# EXERCISE DESCRIPTION:
Repeat, exactly as written, the lines of the records below from the first through the line with "define f where", but none past it.

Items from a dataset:

.....

lemma homogeneous_basis_graded_space:
  assumes hb: "homogeneous_basis s V X deg"
  shows "graded_space s V"
proof -
  interpret vector_space s using hb unfolding homogeneous_basis_def by blast
  have ind: "independent X" and span: "span X = UNIV" and V: "\<And>g. V g = span {x\<in>X. deg x = g}"
    using hb unfolding homogeneous_basis_def by blast+
  let ?P = "\<lambda>v f. finite {g. f g \<noteq> 0} \<and> (\<forall>g. f g \<in> V g) \<and> v = (\<Sum>g\<in>{g. f g \<noteq> 0}. f g)"
  have "\<exists>f. ?P v f" for v
  proof -
    let ?R = "representation X v"
    define S where "S = {b. ?R b \<noteq> 0}"
    have S: "finite S" "S \<subseteq> X" using finite_representation representation_ne_zero by (auto simp: S_def)
    define f where "f g = (\<Sum>b\<in>{b\<in>S. deg b = g}. s (?R b) b)" for g
    have fV: "f g \<in> V g" for g
      unfolding f_def V using S(2) by (intro span_sum span_scale span_base) auto
    have "f g = 0" if "g \<notin> deg ` S" for g
    proof -
      have "{b\<in>S. deg b = g} = {}" using that by auto
      then show ?thesis by (simp only: f_def sum.empty)
    qed
    then have supp: "{g. f g \<noteq> 0} \<subseteq> deg ` S" by blast
    have "v = (\<Sum>b\<in>S. s (?R b) b)"
      using sum_nonzero_representation_eq[OF ind, of v] span S_def by simp
    also have "\<dots> = (\<Sum>g\<in>deg ` S. f g)" unfolding f_def by (rule sum.image_gen[OF S(1)])
    also have "\<dots> = (\<Sum>g\<in>{g. f g \<noteq> 0}. f g)"
      by (rule sum.mono_neutral_right[OF finite_imageI[OF S(1)] supp]) auto
    finally show ?thesis using fV finite_subset[OF supp finite_imageI[OF S(1)]] by blast
  qed
  moreover have "f = f'" if "?P v f" "?P v f'" for v f f'
  proof
    fix g
    define D where "D = {g. f g \<noteq> 0} \<union> {g. f' g \<noteq> 0}"
    have D: "finite D" using that by (simp add: D_def)
    have "sum f {g. f g \<noteq> 0} = sum f D"
      by (rule sum.mono_neutral_left[OF D]) (auto simp: D_def)
    moreover have "sum f' {g. f' g \<noteq> 0} = sum f' D"
      by (rule sum.mono_neutral_left[OF D]) (auto simp: D_def)
    ultimately have "v = (\<Sum>g\<in>D. f g)" "v = (\<Sum>g\<in>D. f' g)"
      using that by simp_all
    then have sum: "(\<Sum>g\<in>D. f g - f' g) = 0" by (simp add: sum_subtractf)
    have "f h - f' h \<in> span {x\<in>X. deg x = h}" for h
      using that V by (auto intro: span_diff)
    then have "g \<in> D \<Longrightarrow> f g - f' g = 0"
      by (rule span_fibres_sum_eq_0[OF vector_space_axioms ind D _ sum])
    then show "f g = f' g" by (cases "g \<in> D") (auto simp: D_def)
  qed
  ultimately have "\<exists>!f. ?P v f" for v by blast
  then show ?thesis
    unfolding graded_space_def using V by (auto simp: vector_space_axioms)
qed
text \<open>
  Unfolding the inner sums, the left-hand side is $\sum_\mu N(\mu) B(\mu)$, where $N(\mu)$ counts
  the cosets $H_{i,j}A$ with $\mu \in {}^tA L_0$; this is well defined because ${}^tH_{i,j}$
  preserves $L_0 = \{v : p^2 \mid \delta_{i,j} v\}$, and finitely many cosets occur because
  $H_{i,j}$ contains the principal congruence subgroup of level $p^2$. Replacing $A$ by $A\,{}^tW$
  shows $N(W\mu) = N(\mu)$ for $W \in \mathrm{GL}_n(\mathbb Z)$, and row reduction brings $\mu$ to
  $d e_n$ with $|d|$ the gcd of its entries. Finally $d e_n \in {}^tA L_0$ is a condition on
  $d$ times the last row of $A^{-1}$, so $N(\mu)$ is $|H_{i,j}\backslash S_{i,j}|$,
  $|H_{i,j}\backslash S_i|$ or $|H_{i,j}\backslash\mathrm{GL}_n(\mathbb Z)|$ according as
  $p \nmid d$, $p \parallel d$ or $p^2 \mid d$.
\<close>

subsection \<open>Diagonal matrices and $\delta_{i,j}$\<close>

lemma mult_mat_vec_mat_diag:
  fixes f :: "nat \<Rightarrow> 'a :: semiring_0"
  assumes "v \<in> carrier_vec n" "k < n"
  shows "(mat_diag n f *\<^sub>v v) $ k = f k * v $ k"
proof -
  have "(mat_diag n f *\<^sub>v v) $ k = (\<Sum>t\<in>{0..<n}. (if t = k then f k else 0) * v $ t)"
    using assms by (auto simp: mat_diag_def scalar_prod_def intro!: sum.cong)
  also have "\<dots> = (\<Sum>t\<in>{0..<n}. if t = k then f k * v $ t else 0)"
    by (rule sum.cong) auto
  finally show ?thesis
    using assms by simp
qed

lemma transpose_mat_diag [simp]: "transpose_mat (mat_diag n f) = mat_diag n f"
  by (rule eq_matI) (auto simp: mat_diag_def)

lemma mat_diag_mult_left_cancel:
  fixes f :: "nat \<Rightarrow> 'a :: idom"
  assumes "M \<in> carrier_mat n m" "N \<in> carrier_mat n m" "\<And>k. k < n \<Longrightarrow> f k \<noteq> 0"
    and "mat_diag n f * M = mat_diag n f * N"
  shows "M = N"
proof (rule eq_matI)
  fix k l assume "k < dim_row N" "l < dim_col N"
  then show "M $$ (k, l) = N $$ (k, l)"
    using arg_cong[OF assms(4), of "\<lambda>X. X $$ (k, l)"] assms(1-3)
    by (simp add: mat_diag_mult_left)
qed (use assms in auto)

definition delta_entry :: "nat \<Rightarrow> nat \<Rightarrow> nat \<Rightarrow> nat \<Rightarrow> int" where
  "delta_entry p i j k = (if k < i then 1 else if k < j then int p else int p ^ 2)"

lemma delta_eq_mat_diag: "delta n p i j = mat_diag n (delta_entry p i j)"
  by (rule eq_matI) (auto simp: delta_def mat_diag_def delta_entry_def)

lemma delta_carrier [simp]: "delta n p i j \<in> carrier_mat n n"
  by (simp add: delta_def)

lemma transpose_delta [simp]: "transpose_mat (delta n p i j) = delta n p i j"
  by (simp add: delta_eq_mat_diag)

subsection \<open>The group $\mathrm{GL}_n(\mathbb Z)$\<close>

lemma GLZ_carrier: "A \<in> GLZ n \<Longrightarrow> A \<in> carrier_mat n n"
  by (simp add: GLZ_def)

lemma GLZ_I:
  assumes "A \<in> carrier_mat n n" "Ai \<in> carrier_mat n n" "A * Ai = 1\<^sub>m n" "Ai * A = 1\<^sub>m n"
  shows "A \<in> GLZ n"
  using assms unfolding GLZ_def invertible_mat_def inverts_mat_def
  by (auto intro!: exI[of _ Ai])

.....

# YOUR SOLUTION:
lemma homogeneous_basis_graded_space:
  assumes hb: "homogeneous_basis s V X deg"
  shows "graded_space s V"
proof -
  interpret vector_space s using hb unfolding homogeneous_basis_def by blast
  have ind: "independent X" and span: "span X = UNIV" and V: "\<And>g. V g = span {x\<in>X. deg x = g}"
    using hb unfolding homogeneous_basis_def by blast+
  let ?P = "\<lambda>v f. finite {g. f g \<noteq> 0} \<and> (\<forall>g. f g \<in> V g) \<and> v = (\<Sum>g\<in>{g. f g \<noteq> 0}. f g)"
  have "\<exists>f. ?P v f" for v
  proof -
    let ?R = "representation X v"
    define S where "S = {b. ?R b \<noteq> 0}"
    have S: "finite S" "S \<subseteq> X" using finite_representation representation_ne_zero by (auto simp: S_def)
    define f where "f g = (\<Sum>b\<in>{b\<in>S. deg b = g}. s (?R b) b)" for g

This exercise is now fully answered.